Quotations vs Closures
A quotation (the surface syntax [ … ]) has two possible types:
quotation_type— if the body consumes only values pushed inside the quotation itself (plus an implicit row variable).closure_type— if the body references values from the enclosing stack. The compiler captures those values into an environment at the point the quotation is produced; the result is aClosure[ … ]at the type level.

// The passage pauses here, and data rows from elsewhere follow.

(* Let $m\in\mathbb{N}$ be odd and write $m=2k+1$. Then the friendship graph $F_{\lfloor m/2\rfloor}=F_k$ is $\mathbb{Z}_m$-cordial.
   Context: Graphs are finite, simple and undirected. For $n\in\mathbb{N}$, the friendship graph $F_n$ is the union of $n$ copies of the triangle $C_3$ joined at a single common (central) vertex. For an abelian group $A$ and a graph $G=(V,E)$, a vertex labeling $\ell:V\to A$ induces an edge labeling $\ell(\{v_1,v_2\})=\ell(v_1)+\ell(v_2)$. Let $f_V(a)=|\{v\in V:\ell(v)=a\}|$ and $f_E(a)=|\{e\in E:\ell(e)=a\}|$. The labeling is $A$-cordial if $|f_V(a_1)-f_V(a_2)|\le 1$ and $|f_E(a_1)-f_E(a_2)|\le 1$ for all $a_1,a_2\in A$; $G$ is $A$-cordial if it admits an $A$-cordial labeling. *)

theory Defs
  imports Main
begin

definition simple_graph :: "'a set \<Rightarrow> 'a set set \<Rightarrow> bool" where
  "simple_graph V E \<longleftrightarrow> finite V \<and> (\<forall>e\<in>E. e \<subseteq> V \<and> card e = 2)"

definition friendship_vertices :: "nat \<Rightarrow> nat set" where
  "friendship_vertices n = {0..2*n}"

definition friendship_edges :: "nat \<Rightarrow> nat set set" where
  "friendship_edges n =
     {{0, j} | j. j \<in> {1..2*n}} \<union> {{2*i - 1, 2*i} | i. i \<in> {1..n}}"

text \<open>The cyclic group Z_m is represented by the residues {0..<m} with
  addition modulo m. A vertex labeling l induces the edge label
  l(v1) + l(v2) mod m on the edge {v1,v2}.\<close>

definition edge_label :: "nat \<Rightarrow> ('a \<Rightarrow> nat) \<Rightarrow> 'a set \<Rightarrow> nat" where
  "edge_label m l e = (\<Sum>v\<in>e. l v) mod m"

definition vcount :: "'a set \<Rightarrow> ('a \<Rightarrow> nat) \<Rightarrow> nat \<Rightarrow> nat" where
  "vcount V l a = card {v \<in> V. l v = a}"

definition ecount :: "nat \<Rightarrow> 'a set set \<Rightarrow> ('a \<Rightarrow> nat) \<Rightarrow> nat \<Rightarrow> nat" where
  "ecount m E l a = card {e \<in> E. edge_label m l e = a}"

definition Zm_cordial_labeling :: "nat \<Rightarrow> 'a set \<Rightarrow> 'a set set \<Rightarrow> ('a \<Rightarrow> nat) \<Rightarrow> bool" where
  "Zm_cordial_labeling m V E l \<longleftrightarrow>
     (\<forall>v\<in>V. l v < m) \<and>
     (\<forall>a1<m. \<forall>a2<m. vcount V l a1 \<le> vcount V l a2 + 1) \<and>
     (\<forall>a1<m. \<forall>a2<m. ecount m E l a1 \<le> ecount m E l a2 + 1)"

definition Zm_cordial :: "nat \<Rightarrow> 'a set \<Rightarrow> 'a set set \<Rightarrow> bool" where
  "Zm_cordial m V E \<longleftrightarrow> (\<exists>l. Zm_cordial_labeling m V E l)"

end

theory Submission imports Defs begin

(* Label the centre 0 and the outer vertices bijectively by 1, ..., 2k. Every vertex label then
   occurs once and the 2k spokes carry every nonzero label once, so the labeling is cordial as
   soon as the k rim edges {2i-1, 2i} carry 0 once or twice and every nonzero label at most once.
   For odd k the identity does this: rim edge i gets 4i - 1, which is injective modulo 2k + 1 and
   vanishes only at i = (k + 1)/2. For even k it never vanishes, so the labels of vertices 2 and 2k
   are swapped: the first and the last rim edge then sum to 2k + 1, the others keep 4i - 1. *)

definition rim_label :: "nat \<Rightarrow> (nat \<Rightarrow> nat) \<Rightarrow> nat \<Rightarrow> nat" where
  "rim_label m l i = (l (2*i - 1) + l (2*i)) mod m"

lemma friendship_edges_eq:
  "friendship_edges k = (\<lambda>j. {0, j}) ` {1..2*k} \<union> (\<lambda>i. {2*i - 1, 2*i}) ` {1..k}"
  unfolding friendship_edges_def by auto

lemma card_filter_image:
  assumes "inj_on f A"
  shows "card {y \<in> f ` A. P y} = card {x \<in> A. P (f x)}"
proof -
  have "{y \<in> f ` A. P y} = f ` {x \<in> A. P (f x)}" by auto
  moreover have "inj_on f {x \<in> A. P (f x)}" using assms by (rule inj_on_subset) auto
  ultimately show ?thesis by (simp add: card_image)
qed

lemma card_fiber_bij_betw:
  assumes "bij_betw f A B"
  shows "card {x \<in> A. f x = b} = (if b \<in> B then 1 else 0)"
proof (cases "b \<in> B")
  case True
  then obtain x where "x \<in> A" "f x = b" using assms by (auto simp: bij_betw_def)
  then have "{x \<in> A. f x = b} = {x}" using assms by (auto simp: bij_betw_def inj_on_def)
  then show ?thesis using True by simp
next
  case False
  then have "{x \<in> A. f x = b} = {}" using assms by (auto simp: bij_betw_def)
  then show ?thesis using False by (metis card.empty)
qed

lemma card_fiber_le_1_if_inj_on:
  assumes "inj_on f A"
  shows "card {x \<in> A. f x = b} \<le> 1"
  using assms by (cases "finite {x \<in> A. f x = b}") (auto simp: card_le_Suc0_iff_eq inj_on_def)

lemma ecount_friendship_edges:
  "ecount m (friendship_edges k) l a =
     card {j \<in> {1..2*k}. (l 0 + l j) mod m = a} + card {i \<in> {1..k}. rim_label m l i = a}"
proof -
  let ?spokes = "(\<lambda>j. {0, j}) ` {1..2*k}" and ?rims = "(\<lambda>i. {2*i - 1, 2*i}) ` {1..k}"
  have "inj_on (\<lambda>j. {0::nat, j}) {1..2*k}" by (auto simp: inj_on_def doubleton_eq_iff)
  then have spokes:
      "card {e \<in> ?spokes. edge_label m l e = a} = card {j \<in> {1..2*k}. (l 0 + l j) mod m = a}"
    by (simp add: card_filter_image edge_label_def cong: conj_cong)
  have "edge_label m l {2*i - 1, 2*i} = rim_label m l i" if "1 \<le> i" for i
    using that by (simp add: edge_label_def rim_label_def)
  moreover have "inj_on (\<lambda>i. {2*i - 1, 2*i::nat}) {1..k}"
    by (auto simp: inj_on_def doubleton_eq_iff)
  ultimately have rims:
      "card {e \<in> ?rims. edge_label m l e = a} = card {i \<in> {1..k}. rim_label m l i = a}"
    by (simp add: card_filter_image cong: conj_cong)
  have "?spokes \<inter> ?rims = {}" by (auto simp: doubleton_eq_iff)
  then have "ecount m (friendship_edges k) l a =
      card {e \<in> ?spokes. edge_label m l e = a} + card {e \<in> ?rims. edge_label m l e = a}"
    unfolding ecount_def friendship_edges_eq
    by (subst card_Un_disjoint[symmetric]) (auto intro!: arg_cong[where f = card])
  then show ?thesis using spokes rims by simp
qed

lemma Zm_cordial_labeling_friendship:
  assumes m: "m = 2*k + 1" and center: "l 0 = 0" and bij: "bij_betw l {1..2*k} {1..2*k}"
    and rim_zero: "card {i \<in> {1..k}. rim_label m l i = 0} \<in> {1, 2}"
    and rim_nonzero_inj: "inj_on (rim_label m l) {i \<in> {1..k}. rim_label m l i \<noteq> 0}"
  shows "Zm_cordial_labeling m {0..2*k} (friendship_edges k) l"
proof -
  have "bij_betw l ({1..2*k} \<union> {0}) ({1..2*k} \<union> {l 0})"
    using bij center by (intro notIn_Un_bij_betw) auto
  moreover have "{1..2*k} \<union> {0} = {0..2*k}" and "{1..2*k} \<union> {l 0} = {0..<m}"
    using m center by auto
  ultimately have bij_all: "bij_betw l {0..2*k} {0..<m}" by simp
  then have labels_lt: "\<forall>v\<in>{0..2*k}. l v < m" by (auto simp: bij_betw_def)
  have vcount: "vcount {0..2*k} l a = 1" if "a < m" for a
    using card_fiber_bij_betw[OF bij_all] that by (simp add: vcount_def)
  have spokes:
      "card {j \<in> {1..2*k}. (l 0 + l j) mod m = a} = (if a \<in> {1..2*k} then 1 else 0)" for a
  proof -
    have "(l 0 + l j) mod m = l j" if "j \<in> {1..2*k}" for j
      using that labels_lt center by simp
    then show ?thesis using card_fiber_bij_betw[OF bij] by (simp cong: conj_cong)
  qed
  have rims: "card {i \<in> {1..k}. rim_label m l i = a} \<le> 1" if "a \<noteq> 0" for a
  proof -
    have "{i \<in> {1..k}. rim_label m l i = a} =
        {i \<in> {i \<in> {1..k}. rim_label m l i \<noteq> 0}. rim_label m l i = a}"
      using that by auto
    then show ?thesis using card_fiber_le_1_if_inj_on[OF rim_nonzero_inj] by simp
  qed
  have ecount: "1 \<le> ecount m (friendship_edges k) l a \<and> ecount m (friendship_edges k) l a \<le> 2"
    if "a < m" for a
  proof -
    have "ecount m (friendship_edges k) l a =
        (if a \<in> {1..2*k} then 1 else 0) + card {i \<in> {1..k}. rim_label m l i = a}"
      by (simp only: ecount_friendship_edges spokes)
    then show ?thesis using rims[of a] rim_zero that m by (cases "a = 0") auto
  qed
  show ?thesis
    unfolding Zm_cordial_labeling_def
  proof (intro conjI allI impI)
    fix a1 a2 assume "a1 < m" "a2 < m"
    then show "vcount {0..2*k} l a1 \<le> vcount {0..2*k} l a2 + 1"
      using vcount by simp
    from \<open>a1 < m\<close> \<open>a2 < m\<close>
    show "ecount m (friendship_edges k) l a1 \<le> ecount m (friendship_edges k) l a2 + 1"
      using ecount[of a1] ecount[of a2] by linarith
  qed (rule labels_lt)
qed

lemma inj_on_mult_minus_one_mod:
  fixes c m k :: nat
  assumes "coprime m c" and "k \<le> m"
  shows "inj_on (\<lambda>i. (c*i - 1) mod m) {1..k}"
proof (rule linorder_inj_onI')
  fix i j assume "i \<in> {1..k}" "j \<in> {1..k}" "i < j"
  show "(c*i - 1) mod m \<noteq> (c*j - 1) mod m"
  proof
    assume "(c*i - 1) mod m = (c*j - 1) mod m"
    moreover have "c*i - 1 \<le> c*j - 1" using \<open>i < j\<close> by (simp add: diff_le_mono)
    ultimately have "m dvd (c*j - 1) - (c*i - 1)" by (metis mod_eq_dvd_iff_nat)
    moreover have "(c*j - 1) - (c*i - 1) = c*(j - i)"
      using \<open>i \<in> {1..k}\<close> \<open>i < j\<close> by (cases "c = 0") (auto simp: diff_mult_distrib2)
    ultimately have "m dvd j - i" using assms(1) by (metis coprime_dvd_mult_right_iff)
    moreover have "0 < j - i" "j - i < m"
      using \<open>i \<in> {1..k}\<close> \<open>j \<in> {1..k}\<close> \<open>i < j\<close> assms(2) by auto
    ultimately show False by (meson dvd_imp_le not_le)
  qed
qed

lemma four_mult_minus_one_mod_eq_0_iff:
  fixes m k i :: nat
  assumes m: "m = 2*k + 1" and i: "1 \<le> i" "i \<le> k"
  shows "(4*i - 1) mod m = 0 \<longleftrightarrow> 2*i = k + 1"
proof -
  have "0 < 4*i - 1" "4*i - 1 < 2*m" using m i by linarith+
  then have "(4*i - 1) mod m = 0 \<longleftrightarrow> 4*i - 1 = m"
    by (cases "4*i - 1 < m") (auto simp: le_mod_geq)
  also have "\<dots> \<longleftrightarrow> 2*i = k + 1" using m i by arith
  finally show ?thesis .
qed

lemma rim_label_id: "1 \<le> i \<Longrightarrow> rim_label m id i = (4*i - 1) mod m"
  by (simp add: rim_label_def)

lemma inj_on_rim_label_id:
  assumes "m = 2*k + 1"
  shows "inj_on (rim_label m id) {1..k}"
proof -
  have "coprime m (4::nat)" using assms coprime_power_right_iff[of m 2 2] by simp
  then have "inj_on (\<lambda>i. (4*i - 1) mod m) {1..k}"
    using assms by (intro inj_on_mult_minus_one_mod) auto
  then show ?thesis
    using inj_on_cong[of "{1..k}" "rim_label m id" "\<lambda>i. (4*i - 1) mod m"]
    by (simp add: rim_label_id)
qed

lemma Zm_cordial_labeling_friendship_odd:
  assumes m: "m = 2*k + 1" and "odd k"
  shows "Zm_cordial_labeling m {0..2*k} (friendship_edges k) id"
proof (rule Zm_cordial_labeling_friendship[OF m])
  obtain c where c: "k = 2*c + 1" using \<open>odd k\<close> oddE by blast
  have "rim_label m id i = 0 \<longleftrightarrow> i = c + 1" if "i \<in> {1..k}" for i
    using that four_mult_minus_one_mod_eq_0_iff[OF m, of i] c by (auto simp: rim_label_id)
  then have "{i \<in> {1..k}. rim_label m id i = 0} = {c + 1}" using c by auto
  then show "card {i \<in> {1..k}. rim_label m id i = 0} \<in> {1, 2}" by simp
  show "inj_on (rim_label m id) {i \<in> {1..k}. rim_label m id i \<noteq> 0}"
    using inj_on_rim_label_id[OF m] by (rule inj_on_subset) auto
qed simp_all

lemma Zm_cordial_labeling_friendship_even:
  assumes m: "m = 2*k + 1" and "even k" and "2 \<le> k"
  shows "Zm_cordial_labeling m {0..2*k} (friendship_edges k) (id(2 := 2*k, 2*k := 2))"
    (is "Zm_cordial_labeling _ _ _ ?l")
proof (rule Zm_cordial_labeling_friendship[OF m])
  show "?l 0 = 0" using assms by simp
  show "bij_betw ?l {1..2*k} {1..2*k}"
    using assms by (intro bij_betw_byWitness[where f' = ?l]) auto
  have rim_inner: "rim_label m ?l i = rim_label m id i" if "1 < i" "i < k" for i
    using that by (simp add: rim_label_def)
  have rim_nonzero: "rim_label m ?l i \<noteq> 0" if "1 < i" "i < k" for i
  proof -
    have "2*i \<noteq> k + 1" using \<open>even k\<close> by presburger
    then show ?thesis
      using that rim_inner four_mult_minus_one_mod_eq_0_iff[OF m, of i] by (simp add: rim_label_id)
  qed
  have "2*k - 1 \<noteq> 2" using \<open>even k\<close> by presburger
  then have rim_ends: "rim_label m ?l 1 = 0" "rim_label m ?l k = 0"
    using assms by (simp_all add: rim_label_def)
  have nonzero_inner: "1 < i \<and> i < k" if "i \<in> {1..k}" "rim_label m ?l i \<noteq> 0" for i
  proof -
    have "i \<noteq> 1" "i \<noteq> k" using that(2) rim_ends by auto
    then show ?thesis using that(1) by simp
  qed
  have "{i \<in> {1..k}. rim_label m ?l i = 0} = {1, k}"
  proof (intro equalityI subsetI)
    fix i assume "i \<in> {i \<in> {1..k}. rim_label m ?l i = 0}"
    then have "1 \<le> i" "i \<le> k" "rim_label m ?l i = 0" by auto
    then show "i \<in> {1, k}" using rim_nonzero[of i] by (metis insert_iff le_neq_implies_less)
  qed (use rim_ends \<open>2 \<le> k\<close> in auto)
  then show "card {i \<in> {1..k}. rim_label m ?l i = 0} \<in> {1, 2}" using \<open>2 \<le> k\<close> by simp
  have "inj_on (rim_label m id) {1<..<k}"
    using inj_on_rim_label_id[OF m] by (rule inj_on_subset) auto
  then have "inj_on (rim_label m ?l) {1<..<k}"
    using inj_on_cong[of "{1<..<k}" "rim_label m ?l" "rim_label m id"] rim_inner by simp
  moreover have "{i \<in> {1..k}. rim_label m ?l i \<noteq> 0} \<subseteq> {1<..<k}"
    using nonzero_inner by auto
  ultimately show "inj_on (rim_label m ?l) {i \<in> {1..k}. rim_label m ?l i \<noteq> 0}"
    by (rule inj_on_subset)
qed

theorem theorem11p1:
  fixes m k :: nat
  assumes "odd m" and "m = 2 * k + 1"
  shows "Zm_cordial m (friendship_vertices (m div 2)) (friendship_edges (m div 2))"
proof -
  have "\<exists>l. Zm_cordial_labeling m {0..2*k} (friendship_edges k) l"
  proof (cases "k = 0")
    case True
    then have "Zm_cordial_labeling m {0..2*k} (friendship_edges k) id"
      using assms(2) by (simp add: Zm_cordial_labeling_def friendship_edges_eq vcount_def ecount_def)
    then show ?thesis by blast
  next
    case False
    then have "even k \<Longrightarrow> 2 \<le> k" by presburger
    then show ?thesis
      using Zm_cordial_labeling_friendship_odd[OF assms(2)]
        Zm_cordial_labeling_friendship_even[OF assms(2)] by blast
  qed
  moreover have "m div 2 = k" using assms(2) by simp
  ultimately show ?thesis by (simp add: Zm_cordial_def friendship_vertices_def)
qed

end
(* Let $0<\phi<\pi/6$. For every $p\in\mathcal S_\phi$ and $t\in[0,T]$, the inverse Laplace transforms $B_{j,k}=\mathcal L^{-1}b_{j,k}$ and $R=\mathcal L^{-1}r$ satisfy $$|B_{j,k}(p,t)|<\frac{C_1(\phi,\alpha_j)}{\Gamma(\alpha_j+k\beta)}A_b(T)|p|^{k\beta+\alpha_j-1}e^{2\rho_0|p|},\qquad |R(p,t)|<\frac{C_2(\phi)}{\Gamma(\alpha_r)}A_r(T)|p|^{\alpha_r-1}e^{2\rho_0|p|},$$ where $C_1$ depends only on $\phi,\alpha_j$ and $C_2$ only on $\phi$.
   Context: Let $\rho_0>0$, $T>0$, $\mathcal D_{\rho_0}=\{(y,t):\arg y\in(-2\pi/3,2\pi/3),|y|>\rho_0,0\le t\le T\}$. $r(y,t)$ is analytic in $y$ on $\mathcal D_{\rho_0}$ with $|y^{\alpha_r}r(y,t)|<A_r(T)$, $\alpha_r\ge1$. For $j=0,\dots,3$, $k\ge0$, $b_{j,k}(y,t)$ is analytic in $y$ on $\mathcal D_{\rho_0}$ with $|y^{\alpha_j+k\beta}b_{j,k}(y,t)|<A_b(T)$, where $\beta,\alpha_j>0$ and $A_b(T)$ is independent of $j,k$. $\mathcal S_\phi=\{p:\arg p\in(-\phi,\phi),0<|p|<\infty\}$. Inverse Laplace transform: $\mathcal L^{-1}g(p,t)=\frac1{2\pi i}\int_{\mathcal C}e^{py}g(y,t)\,dy$ with $\mathcal C=\{c+ire^{i\phi'\,\mathrm{sgn}(r)}:r\in\mathbb R\}$, $c$ large, $\phi<\phi'<\pi/6$, traversed with $r$ increasing. *)

theory Defs
  imports "HOL-Complex_Analysis.Complex_Analysis"
begin

text \<open>The y-domain of D_rho0 (for fixed t): arg y in (-2pi/3, 2pi/3), |y| > rho0.\<close>
definition sector_dom :: "real \<Rightarrow> complex set" where
  "sector_dom \<rho>0 = {y. cmod y > \<rho>0 \<and> \<bar>Arg y\<bar> < 2 * pi / 3}"

definition S_sector :: "real \<Rightarrow> complex set" where
  "S_sector \<phi> = {p. p \<noteq> 0 \<and> \<bar>Arg p\<bar> < \<phi>}"

definition ilt_path :: "real \<Rightarrow> real \<Rightarrow> real \<Rightarrow> complex" where
  "ilt_path \<phi>' c r = of_real c + \<i> * of_real r * exp (\<i> * of_real (\<phi>' * sgn r))"

definition ilt_path_deriv :: "real \<Rightarrow> real \<Rightarrow> complex" where
  "ilt_path_deriv \<phi>' r = \<i> * exp (\<i> * of_real (\<phi>' * sgn r))"
text \<open>The roots \<open>x = (a A + s) / (2 a b)\<close> of \<open>b\<^sup>2 X\<^sup>2 - b A X + A\<^sup>2 + b\<close> are roots of
  \<open>D = b X\<^sup>3 + X + a\<close>, and \<open>y = (a A - s) / (2 A B)\<close> is their reciprocal.\<close>
lemma reciprocal_root_from_discriminant:
  fixes a b A B s x y :: "'a::field"
  assumes E1: "b * (a * A - b * B) + A ^ 2 + b = 0" and E2: "(a * A - b * B) * A + a * b = 0"
    and nz: "a \<noteq> 0" "b \<noteq> 0" "A \<noteq> 0" "B \<noteq> 0" "(2::'a) \<noteq> 0"
    and x: "2 * a * b * x = a * A + s" and y: "2 * A * B * y = a * A - s"
    and s: "s ^ 2 = - 3 * a ^ 2 * A ^ 2 - 4 * a ^ 2 * b"
  shows "x * y = 1" and "1 + a * y + b * x ^ 2 = 0"
proof -
  have bBA: "b * B * A = a * (A ^ 2 + b)"
    using cubic_relation_consequences[OF E1 E2 nz(2)] by simp
  have four: "(4::'a) \<noteq> 0"
    using nz(5) by (metis mult_eq_0_iff numeral_Bit0_eq_double)
  have "4 * a * (b * B * A) * (x * y) = (2 * a * b * x) * (2 * A * B * y)"
    by (simp add: algebra_simps)
  also have "\<dots> = a ^ 2 * A ^ 2 - s ^ 2"
    unfolding x y by (simp add: algebra_simps power2_eq_square)
  also have "\<dots> = 4 * a * (b * B * A)"
    unfolding s bBA by (simp add: algebra_simps power2_eq_square)
  finally show xy: "x * y = 1"
    using nz four by simp
  have "4 * a ^ 2 * (b * (b * x ^ 2 - A * x) + A ^ 2 + b)
          = (2 * a * b * x - a * A) ^ 2 - (- 3 * a ^ 2 * A ^ 2 - 4 * a ^ 2 * b)"
    by (simp add: algebra_simps power2_eq_square)
  also have "\<dots> = 0"
    using x s by simp
  finally have quadratic: "b * (b * x ^ 2 - A * x) + A ^ 2 + b = 0"
    using nz four by simp
  have "b * (b * (x + a + b * x ^ 3))
          = ((b * (b * x ^ 2 - A * x) + A ^ 2 + b) - (b * (a * A - b * B) + A ^ 2 + b)) * (b * x + A)
            + b * x * (b * (a * A - b * B) + A ^ 2 + b) + b * ((a * A - b * B) * A + a * b)"
    by (simp add: algebra_simps power2_eq_square power3_eq_cube)
  hence "x + a + b * x ^ 3 = 0"
    using quadratic E1 E2 nz by simp
  moreover have "x * (1 + a * y + b * x ^ 2) = x + a * (x * y) + b * x ^ 3"
    by (simp add: algebra_simps power2_eq_square power3_eq_cube)
  ultimately show "1 + a * y + b * x ^ 2 = 0"
    using xy by auto
qed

There is no dedicated syntax for a closure — the parser always builds a
quotation literal, and the type checker decides whether the result is a
quotation_type or a closure_type based on what the body references.
Arithmetic Sugar
The tokens +, -, *, /, %, =, <, >, <=, >=, and <> are
ordinary identifiers at the grammar level but are resolved by the compiler
to their typed counterparts based on the inferred stack types. For example:
3 4 + # resolves to `i.+` — both operands are Int
3.0 4.0 + # resolves to `f.+` — both operands are Float
This is a compile-time rewrite, not dynamic dispatch: if the types can’t
be inferred unambiguously the program fails to type-check. Writing the
explicit form (i.+, f.<, etc.) is always valid and suppresses the
sugar resolution.
Sugar resolves only when the operand types are visible on the typechecker’s stack at the use site. Inside a quotation body the body is typed against its own fresh effect, so its stack is empty from the resolver’s perspective and sugar cannot resolve. Use the typed form inside quotations:
3 4 [ + ] call # error: + can't resolve, operands not in scope
3 4 [ i.+ ] call # idiomatic — works regardless of caller context
The typed form (i.+, f.+, string.concat, …) is the always-works
idiom; sugar is a top-level convenience that’s nice for short
expressions but should be expanded when writing words intended to be
passed to combinators like dip, keep, bi, times, or
each-integer.
Examples
Complete Program
include std:json
union Result {
Ok { value: Int }
Error { message: String }
}
: safe-divide ( Int Int -- Result )
dup 0 i.= if
drop drop "Division by zero" Make-Error
else
i.divide drop Make-Ok
then
;
: main ( -- )
10 2 safe-divide
match
Ok { >value } -> value int->string io.write-line
Error { >message } -> message io.write-line
end
;
Stack Effects
# Simple transformation
: double ( Int -- Int ) 2 i.* ;
# Multiple inputs/outputs
: divmod ( Int Int -- Int Int ) over over i./ rot rot i.% ;
# Row-polymorphic (preserves rest of stack)
: swap ( ..a T U -- ..a U T ) ... ;
# Quotation type
: apply-twice ( Int [Int -- Int] -- Int ) dup rot swap call swap call ;
# Closure type
: make-adder ( Int -- Closure[Int -- Int] ) [ i.+ ] ;